С другой стороны, он мог чувствовать вину за то, что ему не удалось преуспеть в выбранной отцом карьере. В августе 1839 года Достоевский пишет письмо брату Михаилу, где выражает горе из-за смерти отца и беспокоится о благополучии младших братьев и сестер. Но несмотря на чувство вины, он больше не считал себя обязанным исполнять желания отца. Он пишет брату, что освободился от сыновнего долга и может посвятить себя литературе [Достоевский 1972–1990, 28, I: 63]. Мы видим, что смерть отца отозвалась в нем конфликтом чувств: с одной стороны, скорбь и вина, с другой – свобода добиваться собственных целей.

Отец Достоевского – и при жизни, и после смерти – был источником тяжелых воспоминаний. Однако будущий писатель в детстве столкнулся и с другими травматичными ситуациями. Так, его девятилетнюю подругу жестоко изнасиловал пьяный незнакомец. Достоевский побежал за отцом, но тот пришел слишком поздно, и девочка скончалась [Lantz 2004]. Позднее Достоевский признавался, что память об этой трагедии преследовала его всю жизнь.

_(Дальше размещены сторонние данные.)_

text \<open>With \<open>M = q(A)\<close> symmetric, \<open>tr (M M\<^sup>T) = tr (q\<^sup>2(A))\<close> is the sum of \<open>q(\<lambda>)\<^sup>2\<close> over the
  eigenvalues, which vanishes.\<close>

lemma real_symmetric_poly_mat_eq_0:
  fixes A :: "real mat"
  assumes A: "A \<in> carrier_mat n n" and sym: "transpose_mat A = A"
    and q: "\<And>t. t \<in># proots (char_poly A) \<Longrightarrow> poly q t = 0"
  shows "poly_mat q A = 0\<^sub>m n n"
proof (rule mat_trace_mult_transpose_eq_0)
  show "poly_mat q A \<in> carrier_mat n n"
    using A by simp
  have "mat_trace (poly_mat q A * transpose_mat (poly_mat q A)) = mat_trace (poly_mat (q * q) A)"
    by (simp add: transpose_poly_mat[OF A] sym poly_mat_mult[OF A])
  also have "\<dots> = (\<Sum>t\<in>#proots (char_poly A). poly (q * q) t)"
    by (rule mat_trace_poly_mat[OF A real_symmetric_mat_trace_pow[OF A sym]])
  also have "\<dots> = 0"
    using q by (intro sum_mset.neutral) auto
  finally show "mat_trace (poly_mat q A * transpose_mat (poly_mat q A)) = 0" .
qed

lemma real_symmetric_poly_mat_eqI:
  fixes A :: "real mat"
  assumes A: "A \<in> carrier_mat n n" and sym: "transpose_mat A = A"
    and pq: "\<And>t. t \<in># proots (char_poly A) \<Longrightarrow> poly p t = poly q t"
  shows "poly_mat p A = poly_mat q A"
proof -
  have "poly_mat (p - q) A = 0\<^sub>m n n"
    using pq by (intro real_symmetric_poly_mat_eq_0[OF A sym]) simp
  then have "poly_mat p A = poly_mat q A + 0\<^sub>m n n"
    using poly_mat_add[OF A, of q "p - q"] by simp
  then show ?thesis
    using A by simp
qed

definition lagrange_basis :: "'a::field list \<Rightarrow> 'a \<Rightarrow> 'a poly" where
  "lagrange_basis ms m = (\<Prod>\<nu>\<leftarrow>filter (\<lambda>\<nu>. \<nu> \<noteq> m) ms. Polynomial.smult (1 / (m - \<nu>)) [:- \<nu>, 1:])"

lemma lagrange_basis_Cons:
  "lagrange_basis (a # ms) m =
    (if a = m then lagrange_basis ms m
     else Polynomial.smult (1 / (m - a)) [:- a, 1:] * lagrange_basis ms m)"
  by (simp add: lagrange_basis_def)

lemma poly_lagrange_basis_self: "poly (lagrange_basis ms m) m = 1"
  by (induction ms) (auto simp: lagrange_basis_def diff_divide_distrib[symmetric])

lemma poly_lagrange_basis_other:
  "m' \<in> set ms \<Longrightarrow> m' \<noteq> m \<Longrightarrow> poly (lagrange_basis ms m) m' = 0"
  by (induction ms) (auto simp: lagrange_basis_def)

lemma degree_lagrange_basis: "degree (lagrange_basis ms m) \<le> length ms"
proof (induction ms)
  case (Cons a ms)
  have "degree (Polynomial.smult (1 / (m - a)) [:- a, 1:]) \<le> 1"
    by (rule order.trans[OF degree_smult_le]) simp
  then show ?case
    unfolding lagrange_basis_Cons
    using Cons.IH degree_mult_le[of "Polynomial.smult (1 / (m - a)) [:- a, 1:]" "lagrange_basis ms m"]
    by (auto simp del: mult_smult_left)
qed (simp add: lagrange_basis_def)

section \<open>Orthogonal projections onto eigenspaces\<close>

lemma orthogonal_projection_unique:
  fixes P Q :: "real mat" and S :: "real vec set"
  assumes S: "S \<subseteq> carrier_vec n" and S_diff: "\<And>u w. u \<in> S \<Longrightarrow> w \<in> S \<Longrightarrow> u - w \<in> S"
    and P: "P \<in> carrier_mat n n" "\<forall>v \<in> carrier_vec n. P *\<^sub>v v \<in> S \<and> (\<forall>w \<in> S. (v - P *\<^sub>v v) \<bullet> w = 0)"
    and Q: "Q \<in> carrier_mat n n" "\<forall>v \<in> carrier_vec n. Q *\<^sub>v v \<in> S \<and> (\<forall>w \<in> S. (v - Q *\<^sub>v v) \<bullet> w = 0)"
  shows "P = Q"
proof (rule eq_mat_mult_vecI[OF P(1) Q(1)])
  fix v :: "real vec" assume v: "v \<in> carrier_vec n"
  define u where "u = P *\<^sub>v v - Q *\<^sub>v v"
  have u: "u \<in> S"
    unfolding u_def using S_diff P(2) Q(2) v by blast
  have uc: "u \<in> carrier_vec n" and Pv: "P *\<^sub>v v \<in> carrier_vec n" and Qv: "Q *\<^sub>v v \<in> carrier_vec n"
    using u S P(1) Q(1) v by auto
  have "u = (v - Q *\<^sub>v v) - (v - P *\<^sub>v v)"
    unfolding u_def using v P(1) Q(1) by (intro eq_vecI) auto
  then have "u \<bullet> u = (v - Q *\<^sub>v v) \<bullet> u - (v - P *\<^sub>v v) \<bullet> u"
    using v Pv Qv uc by (simp add: minus_scalar_prod_distrib[of _ n])
  also have "\<dots> = 0"
    using P(2) Q(2) v u by simp
  finally have "u = 0\<^sub>v n"
    using conjugate_square_eq_0_vec[OF uc] by simp
  show "P *\<^sub>v v = Q *\<^sub>v v"
  proof (rule eq_vecI)
    fix i assume i: "i < dim_vec (Q *\<^sub>v v)"
    then have "u $ i = 0"
      using \<open>u = 0\<^sub>v n\<close> Q(1) by simp
    then show "(P *\<^sub>v v) $ i = (Q *\<^sub>v v) $ i"
      using i Pv Qv by (simp add: u_def)
  qed (use P(1) Q(1) in simp)
qed

lemma finite_verts[simp]: "finite (verts G)"
  by (simp add: verts_def)

lemma adj_mat_dim[simp]: "dim_row (adj_mat G) = fst G" "dim_col (adj_mat G) = fst G"
  by (simp_all add: adj_mat_def)

lemma adj_mat_carrier[simp]: "adj_mat G \<in> carrier_mat (fst G) (fst G)"
  by (simp add: carrier_matI)

lemma index_adj_mat: "i < fst G \<Longrightarrow> j < fst G \<Longrightarrow> adj_mat G $$ (i, j) = (if adj G i j then 1 else 0)"
  by (simp add: adj_mat_def)

lemma adj_sym: "is_graph G \<Longrightarrow> adj G i j = adj G j i"
  unfolding is_graph_def by blast

lemma transpose_adj_mat: "is_graph G \<Longrightarrow> transpose_mat (adj_mat G) = adj_mat G"
  by (rule eq_matI) (auto simp: adj_mat_def adj_sym)

lemma size_Spec: "is_graph G \<Longrightarrow> size (Spec G) = fst G"
  unfolding Spec_def by (rule real_symmetric_size_proots_char_poly[OF adj_mat_carrier transpose_adj_mat])

lemma mat_trace_pow_adj_mat: "is_graph G \<Longrightarrow> mat_trace (adj_mat G ^\<^sub>m k) = (\<Sum>t\<in>#Spec G. t ^ k)"
  unfolding Spec_def by (rule real_symmetric_mat_trace_pow[OF adj_mat_carrier transpose_adj_mat])

lemma set_distinct_eigs: "set (distinct_eigs G) = set_mset (Spec G)"
  by (simp add: distinct_eigs_def)

lemma distinct_distinct_eigs[simp]: "distinct (distinct_eigs G)"
  by (simp add: distinct_eigs_def)

lemma length_distinct_eigs: "is_graph G \<Longrightarrow> length (distinct_eigs G) \<le> fst G"
proof -
  obtain xs where xs: "mset xs = Spec G"
    using ex_mset by blast
  have "card (set_mset (Spec G)) \<le> size (Spec G)"
    unfolding xs[symmetric] by (simp add: card_length)
  then show "is_graph G \<Longrightarrow> length (distinct_eigs G) \<le> fst G"
    by (simp add: distinct_eigs_def size_Spec)
qed

lemma eigenspace_diff:
  assumes "u \<in> eigenspace G \<mu>" "w \<in> eigenspace G \<mu>"
  shows "u - w \<in> eigenspace G \<mu>"
proof -
  have "adj_mat G *\<^sub>v (u - w) = \<mu> \<cdot>\<^sub>v (u - w)"
    using assms by (intro eq_vecI)
      (auto simp: eigenspace_def mult_minus_distrib_mat_vec[OF adj_mat_carrier] right_diff_distrib)
  then show ?thesis
    using assms by (simp add: eigenspace_def)
qed

lemma eig_proj_eqI:
  assumes P: "P \<in> carrier_mat (fst G) (fst G)" "transpose_mat P = P"
    "\<And>v. v \<in> carrier_vec (fst G) \<Longrightarrow> P *\<^sub>v v \<in> eigenspace G \<mu>"
    "\<And>w. w \<in> eigenspace G \<mu> \<Longrightarrow> P *\<^sub>v w = w"
  shows "eig_proj G \<mu> = P"
proof -
  let ?n = "fst G" and ?S = "eigenspace G \<mu>"
  let ?proj = "\<lambda>Q. Q \<in> carrier_mat ?n ?n \<and>
    (\<forall>v \<in> carrier_vec ?n. Q *\<^sub>v v \<in> ?S \<and> (\<forall>w \<in> ?S. (v - Q *\<^sub>v v) \<bullet> w = 0))"
  have S: "?S \<subseteq> carrier_vec ?n"
    by (auto simp: eigenspace_def)
  have "?proj P"
  proof (intro conjI ballI P(1) P(3))
    fix v w :: "real vec" assume v: "v \<in> carrier_vec ?n" and w: "w \<in> ?S"
    then have wc: "w \<in> carrier_vec ?n"
      using S by auto
    have "(P *\<^sub>v v) \<bullet> w = v \<bullet> (P *\<^sub>v w)"
      using transpose_vec_mult_scalar[OF P(1) wc v] P(2) by simp
    then show "(v - P *\<^sub>v v) \<bullet> w = 0"
      using P(1,4) w v wc by (simp add: minus_scalar_prod_distrib[of _ ?n])
  qed
  moreover have "Q = P" if "?proj Q" for Q
    using orthogonal_projection_unique[OF S eigenspace_diff, of Q P] that \<open>?proj P\<close> by blast
  ultimately show ?thesis
    unfolding eig_proj_def by (rule the_equality)
qed

text \<open>\<open>(X - \<mu>) L\<^sub>\<mu>\<close> vanishes on the spectrum, so \<open>L\<^sub>\<mu>(A)\<close> maps into the eigenspace of \<open>\<mu>\<close>.\<close>

lemma adj_mat_mult_poly_mat_lagrange_basis:
  assumes G: "is_graph G" and \<mu>: "\<mu> \<in> set (distinct_eigs G)"
  defines "P \<equiv> poly_mat (lagrange_basis (distinct_eigs G) \<mu>) (adj_mat G)"
  shows "adj_mat G * P = \<mu> \<cdot>\<^sub>m P"
proof -
  let ?A = "adj_mat G" and ?n = "fst G"
  let ?L = "lagrange_basis (distinct_eigs G) \<mu>"
  have A: "?A \<in> carrier_mat ?n ?n" and sym: "transpose_mat ?A = ?A"
    by (simp_all add: transpose_adj_mat[OF G])
  have "?A * P = poly_mat (pCons 0 ?L) ?A"
    unfolding P_def by (rule poly_mat_pCons_0[OF A, symmetric])
  also have "\<dots> = poly_mat (Polynomial.smult \<mu> ?L) ?A"
  proof (rule real_symmetric_poly_mat_eqI[OF A sym])
    fix t assume "t \<in># proots (char_poly ?A)"
    then have "t \<in> set (distinct_eigs G)"
      by (simp add: set_distinct_eigs Spec_def)
    then show "poly (pCons 0 ?L) t = poly (Polynomial.smult \<mu> ?L) t"
      by (cases "t = \<mu>") (simp_all add: poly_lagrange_basis_other)
  qed
  also have "\<dots> = \<mu> \<cdot>\<^sub>m P"
    unfolding P_def by (rule poly_mat_smult[OF A])
  finally show ?thesis .
qed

Еще одно травмирующее событие предположительно случилось, когда ему было шесть лет. (Не вполне ясно, действительно ли оно имело место, потому что Достоевский упоминает эту историю только в «Дневнике писателя», который является скорее художественным произведением, чем дневником в привычном смысле этого слова.) Когда маленький Федя играл в лесу возле Дарового, у него случилась слуховая галлюцинация. Он бросился за помощью к крепостному по имени Марей, который его успокоил, – и для Достоевского это стало доказательством, что у русских крестьян от природы доброе сердце. Возможно, чувство страха и облегчения сыграло свою роль в формировании националистических взглядов, сложившихся у него во взрослой жизни (мы вкратце затронем эту тему).

Что же Достоевский вынес из детства? Судя по сохранившимся письмам, прежде всего это любовь к чтению и близкая дружба с братом Михаилом. Братья постоянно обсуждали прочитанные книги и события из своей жизни. Неудивительно, что смерть Михаила стала для Достоевского тяжелым ударом, ведь их отношения были дороги ему и в интеллектуальном, и в эмоциональном плане. Можно предположить, что именно в детстве, под влиянием авторитарного отца, у Достоевского стало складываться определенное отношение к властям. Однако здесь мы вынуждены полагаться на его художественные произведения, потому что в сохранившихся письмах он ни разу не говорит о своем отце. Не сохранилось упоминаний, чтобы эта тема всплывала в разговорах. Если уж на то пошло, он также не упоминал о матери и других братьях и сестрах.